#Web Scraping Project 

###1. Pick a website and describe your objective

- Browse through different sites and pick on to scrape. Check the "Project Ideas" section for inspiration.
- Identify the information you'd like to scrape from the site. Decide the format of the output CSV file.
- Summarize your project idea and outline your strategy in a Juptyer notebook.

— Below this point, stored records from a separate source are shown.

(* Let $\mathcal{P}$ be the set of probability distributions on $(\{0,1\},2^{\{0,1\}})$, let $\dot{\mathcal{P}}\subseteq\mathcal{P}$, and let $\ddot{\mathcal{P}}=\{\ddot P_1,\dots,\ddot P_c\}\subseteq\mathcal{P}$. Let $P^+$ denote the combination of the distributions in $\ddot{\mathcal{P}}$ with truth constrained by $\dot{\mathcal{P}}$. Let $\dot{\mathcal{P}}_0=\{\dot P(\{0\}):\dot P\in\dot{\mathcal{P}}\}$ and let $\underline{\ddot P},\overline{\ddot P}\in\mathcal{P}$ satisfy $$\underline{\ddot P}(\{0\})=\min_{i\in\{1,\dots,c\}:\ddot P_i(\{0\})\in\dot{\mathcal{P}}_0}\ddot P_i(\{0\}),\qquad \overline{\ddot P}(\{0\})=\max_{i\in\{1,\dots,c\}:\ddot P_i(\{0\})\in\dot{\mathcal{P}}_0}\ddot P_i(\{0\}).$$ If $\ddot P_i(\{0\})\in\dot{\mathcal{P}}_0$ for some $i\in\{1,\dots,c\}$, then $P^+=w^+\underline{\ddot P}+(1-w^+)\overline{\ddot P}$, where $$w^+=\arg\sup_{w\in[0,1]}\Big(w\,D\big(\underline{\ddot P}\,\|\,w\underline{\ddot P}+(1-w)\overline{\ddot P}\big)+(1-w)\,D\big(\overline{\ddot P}\,\|\,w\underline{\ddot P}+(1-w)\overline{\ddot P}\big)\Big).$$
   Context: $D(P\|Q)=\sum_{i\in\{0,1\}}P(\{i\})\log\frac{P(\{i\})}{Q(\{i\})}$ (with $0\log0=0$, $0\log(0/0)=0$); $D(P'\|P''\rightsquigarrow Q)=D(P'\|P'')-D(P'\|Q)$. Game: $U(\dot P,P_1,P_2)=\langle -D(\dot P\|P_2),D(\dot P\|P_1\rightsquigarrow P_2)\rangle$, ordered lexicographically ($u\preceq v$ iff $u_1<v_1$, or $u_1=v_1$ and $u_2\le v_2$). For $Q\in\mathcal{P}$, $\mathcal{P}_Q=\arg\sup^{\preceq}_{\langle P',P''\rangle\in\dot{\mathcal{P}}\times\ddot{\mathcal{P}}}U(P',Q,P'')$, and the combination of the distributions in $\ddot{\mathcal{P}}$ with truth constrained by $\dot{\mathcal{P}}$ is $P^+=\arg\sup^{\preceq}_{Q\in\mathcal{P}:\langle\dot P_Q,\ddot P_Q\rangle\in\mathcal{P}_Q}U(\dot P_Q,\ddot P_Q,Q)$. *)

theory Defs
  imports "HOL-Library.Extended_Real"
begin
lemma recursion_term_inner_sum:
  fixes \<gamma> :: "letter \<Rightarrow> nat"
  assumes n: "n \<ge> 1" and q: "0 < q" and pb: "pb \<in> {1..2*n}"
  defines "f \<equiv> \<lambda>p. q ^ prefix_count n \<gamma> p" and "k \<equiv> min pb (2*n - 1)"
  shows "(\<Sum>p=2..2*n-1. recursion_term n q J (letter_at n pb) (letter_at n p) \<gamma>)
     = (q ^ J * (f 1 - f k) + (f k - f (2*n - 1)))
       * ((q ^ \<gamma> (Unb 1) + q ^ \<gamma> (Bar 1)) / (1 + q ^ (\<gamma> (Unb 1) + \<gamma> (Bar 1))))"
    (is "_ = _ * ?G")
proof -
  have summand: "recursion_term n q J (letter_at n pb) (letter_at n p) \<gamma>
      = (if p \<le> k then q ^ J else 1) * (f (p - 1) - f p) * ?G"
    if p: "p \<in> {2..2*n-1}" for p
  proof -
    have "H (letter_at n pb) (letter_at n p) = (if p \<le> k then 1 else 0)"
      using p pb by (auto simp: H_letter_at k_def)
    then show ?thesis
      using recursion_term_inner[OF n q p] letter_at_inner[OF p] q
      by (simp add: G_rat_def f_def powr_realpow)
  qed
  have "(\<Sum>p=2..2*n-1. recursion_term n q J (letter_at n pb) (letter_at n p) \<gamma>)
      = (\<Sum>p=Suc 1..2*n-1. (if p \<le> k then q ^ J else 1) * (f (p - 1) - f p)) * ?G"
    unfolding sum_distrib_right numeral_2_eq_2[symmetric] by (intro sum.cong) (simp_all add: summand)
  also have "\<dots> = (q ^ J * (f 1 - f k) + (f k - f (2*n - 1))) * ?G"
    using pb by (subst sum_weighted_telescope) (auto simp: k_def, presburger)
  finally show ?thesis .
qed

text \<open>
  u, v, w stand for q^gamma(1), q^gamma(bar 1), q^J; r is what the telescoping inner sum leaves
  at the position of b, and h is the power of q carried by the term of bar 1.
\<close>
lemma recursion_sum_identities:
  fixes u v w s :: real
  assumes "0 < u" "0 < v"
  defines "L \<equiv> \<lambda>r h. w * ((1 - u*u) / (1 + u*v)) + (w * (u - r) + (r - w / v)) * ((u + v) / (1 + u*v))
      + h * (u / v) * ((1 - v*v) / (1 + u*v))"
  shows "L u 1 = (1 - w) * (u / v)"
    and "L (w / v) (w * w) = (1 - w) * w"
    and "L s w = (1 - w) * s * ((u + v) / (1 + u*v))"
proof -
  define d where "d = 1 / (1 + u*v)"
  define z where "z = 1 / v"
  have d: "d * (1 + u*v) = 1" and z: "z * v = 1"
    unfolding d_def z_def using assms(1,2) by (simp_all add: add_pos_pos[THEN less_imp_neq, symmetric])
  have div: "x / (1 + u*v) = x * d" "x / v = x * z" for x
    unfolding d_def z_def by simp_all
  show "L u 1 = (1 - w) * (u / v)" "L (w / v) (w * w) = (1 - w) * w"
    "L s w = (1 - w) * s * ((u + v) / (1 + u*v))"
    unfolding L_def div using d z by algebra+
qed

Use the "New" button above.


###2. Use the requests library to download web pages

- Inspect the website's HTML source and identify the right URLs to download.
- Download and save web pages locally using the requests library.
- Create a function to automate downloading for different topics/search queries.

###3. Use Beautiful Soup to parse and extract information

- Parse and explore the structure of downloaded web pages using Beautiful soup.
- Use the right properties and methods to extract the required information.
- Create functions to extract from the page into lists and dictionaries.
(Optional) Use a REST API to acquire additional information if required.

###4. Create CSV file(s) with the extracted information

- Create functions for the end-to-end process of downloading, parsing, and saving CSVs.
- Execute the function with different inputs to create a dataset of CSV files.
- Verify the information in the CSV files by reading them back using Pandas.

###5. Document and share your work

- Add proper headings and documentation in your Jupyter notebook.
Publish your Jupyter notebook to your Jovian profile
- (Optional) Write a blog post about your project and share it online.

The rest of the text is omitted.